When I ask my clients with back problems why they cannot work, they often indicate to me that they cannot sit or stand for very long. Unfortunately,
these restrictions usually are not sufficient to prove disability. SSA has determined that there are jobs that allow for a sit/stand option. In other
words, there are jobs that can be performed either sitting or standing. Additionally, SSA has found that these jobs will also allow for the employee
to change positions frequently. Thus, the inability to sit or stand for prolonged periods of time rarely is sufficient to prove disability.
The more typical rationale for granting disability for Claimants under the age of 50 is that the effect of his or her pain, pain medications, and frequent
flare-ups would so decrease his or her productivity, that the Claimant would be unable to sustain work. The argument is that while at work the Claimant
would be unproductive because of pain and/or pain medication. Additionally, the Claimant might also miss a lot of work due to flare-ups of his or her
condition. If the Claimant cannot sustain full time work, he or she would be found to be disabled.

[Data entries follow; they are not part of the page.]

lemma exists_profitable_deletion:
  assumes hyp: "hypergraph V E" and unif: "uniform 8 E" and "E \<noteq> {#}"
  shows "\<exists>S\<subseteq>V. size (delete_vertices S E) < size E
           \<and> 100 * real (card S) \<le> potential V E - potential V (delete_vertices S E)"
proof -
  have fin: "finite V" using hyp by (simp add: hypergraph_def)
  obtain e where e: "e \<in># E" using \<open>E \<noteq> {#}\<close> by blast
  then have "e \<subseteq> V" "e \<noteq> {}" using hyp unif by (auto simp: hypergraph_def uniform_def)
  then obtain x where x: "x \<in> V" "0 < degree E x"
    using e by (auto simp: degree_def nonempty_has_size[symmetric])
  define D where "D = Max (degree E ` V)"
  have max: "\<forall>u\<in>V. degree E u \<le> D" using fin by (simp add: D_def)
  have "D \<in> degree E ` V" unfolding D_def using fin x(1) by (intro Max_in) auto
  then obtain v where v: "v \<in> V" "degree E v = D" by blast
  have "1 \<le> D" using max x by fastforce
  have single: ?thesis if "u \<in> V" "degree E u = D"
    "100 \<le> potential V E - potential V (delete_vertex u E)" for u
    using that size_eq_size_delete_vertex_plus_degree[of E u] \<open>1 \<le> D\<close>
    by (intro exI[of _ "{u}"]) (simp add: delete_vertices_singleton)
  consider "D \<notin> {3, 4}"
    | "D \<in> {3, 4}" "\<exists>x\<in>V. \<exists>y\<in>V. degree E x = D \<and> slack_neighbour E D x y"
    | "D \<in> {3, 4}" "\<forall>x\<in>V. \<forall>y\<in>V. degree E x = D \<longrightarrow> \<not> slack_neighbour E D x y"
    by blast
  then show ?thesis
  proof cases
    case 1
    then have "100 \<le> base_drop D" by (rule base_drop_ge_100[OF \<open>1 \<le> D\<close>])
    then show ?thesis
      using potential_drop_ge_base_drop[OF hyp unif max v \<open>1 \<le> D\<close>]
      by (intro single[OF v]) linarith
  next
    case 2
    then obtain x y where x: "x \<in> V" "degree E x = D" and "y \<in> V" "slack_neighbour E D x y"
      by blast
    then have "base_drop D + concavity_gap D \<le> potential V E - potential V (delete_vertex x E)"
      by (intro potential_drop_ge_with_slack[OF hyp unif max x 2(1)])
    then show ?thesis
      using base_drop_plus_gap_ge_100[OF 2(1)] by (intro single[OF x]) linarith
  next
    case 3
    define E' where "E' = delete_vertex v E"
    obtain w y where w: "w \<in> V" "degree E' w = D" "y \<in> V" "w \<noteq> v" "slack_neighbour E' D w y"
      using slack_neighbour_after_deleting_vertex[OF hyp unif 3(1) max v 3(2)] unfolding E'_def .
    have hyp': "hypergraph V E'" and unif': "uniform 8 E'"
      using hyp unif by (auto simp: E'_def hypergraph_def uniform_def)
    have max': "\<forall>u\<in>V. degree E' u \<le> D"
      using max degree_filter_mset_le unfolding E'_def by (meson order_trans)
    have "base_drop D \<le> potential V E - potential V E'"
      using potential_drop_ge_base_drop[OF hyp unif max v \<open>1 \<le> D\<close>] by (simp add: E'_def)
    moreover have "base_drop D + concavity_gap D \<le> potential V E' - potential V (delete_vertex w E')"
      by (rule potential_drop_ge_with_slack[OF hyp' unif' max' w(1,2) 3(1) w(3,5)])
    moreover have "delete_vertices {v, w} E = delete_vertex w E'"
      by (simp add: E'_def filter_filter_mset conj_commute)
    moreover have "size (delete_vertex w E') < size E"
      using size_eq_size_delete_vertex_plus_degree[of E v] v(2) \<open>1 \<le> D\<close>
        size_filter_mset_lesseq[of "\<lambda>e. w \<notin> e" E'] unfolding E'_def by linarith
    ultimately show ?thesis
      using two_base_drops_plus_gap_ge_200[OF 3(1)] v(1) w(1,4)
      by (intro exI[of _ "{v, w}"]) simp
  qed
qed

lemma tau_le_potential:
  assumes "hypergraph V E" "uniform 8 E"
  shows "100 * real (tau V E) \<le> potential V E"
  using assms
proof (induction "size E" arbitrary: E rule: less_induct)
  case less
  show ?case
  proof (cases "E = {#}")
    case True
    then have "tau V E = 0"
      using tau_le_card[OF less.prems(1), of "{}"] by (simp add: is_transversal_def)
    moreover have "0 \<le> potential V E"
      by (simp add: potential_def edge_weight_def sum_nonneg weight_nonneg)
    ultimately show ?thesis by simp
  next
    case False
    then obtain S where S: "S \<subseteq> V" "size (delete_vertices S E) < size E"
      "100 * real (card S) \<le> potential V E - potential V (delete_vertices S E)"
      using exists_profitable_deletion[OF less.prems] by blast
    have "100 * real (tau V (delete_vertices S E)) \<le> potential V (delete_vertices S E)"
      using less.hyps[OF S(2)] less.prems by (simp add: hypergraph_def uniform_def)
    moreover have "tau V E \<le> tau V (delete_vertices S E) + card S"
      using less.prems by (intro tau_le_tau_delete_vertices S(1)) (auto simp: uniform_def)
    ultimately show ?thesis using S(3) by linarith
  qed
qed

lemma potential_eq_degree_counts:
  assumes "finite V"
  shows "potential V E =
      10.2854 * real (n_deg V E 1) + 16.0254 * real (n_deg V E 2)
    + 17.3256 * real (n_deg V E 3) + 17.7171 * real (n_deg_ge V E 4)
    + 17.7171 * real (size E)"
proof -
  have count: "(\<Sum>u\<in>V. if P u then 1 else 0) = real (card {u \<in> V. P u})" for P
    using assms by (simp flip: sum.inter_filter)
  have weight: "weight d = 10.2854 * (if d = 1 then 1 else 0) + 16.0254 * (if d = 2 then 1 else 0)
      + 17.3256 * (if d = 3 then 1 else 0) + 17.7171 * (if 4 \<le> d then 1 else 0)" for d
    by (simp add: weight_def)
  have "(\<Sum>u\<in>V. weight (degree E u)) =
      10.2854 * (\<Sum>u\<in>V. if degree E u = 1 then 1 else 0)
    + 16.0254 * (\<Sum>u\<in>V. if degree E u = 2 then 1 else 0)
    + 17.3256 * (\<Sum>u\<in>V. if degree E u = 3 then 1 else 0)
    + 17.7171 * (\<Sum>u\<in>V. if 4 \<le> degree E u then 1 else 0)"
    unfolding weight by (simp add: sum.distrib sum_distrib_left)
  then show ?thesis
    unfolding potential_def edge_weight_def n_deg_def n_deg_ge_def count by simp
qed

For Claimant’s over age 50, the road is a little easier. Such a Claimant will be granted benefits if the Claimant:
- cannot do his or her past work,
- has a restriction to only sedentary work (i.e. desk work), and
- does not have transferable skills to sedentary work.
For example, a 50 year old Claimant who has worked construction his entire life and now can only lift 10 pounds because of a back impairment would be found
disabled. The Claimant could not return to construction work with a 10 pound lifting restriction. A 10 pound lifting restriction would only allow the
Claimant to do sedentary work. Finally, during the Claimant’s years in construction, it is doubtful that the Claimant acquired skills that would transfer
to a sedentary work setting (e.g., like an office).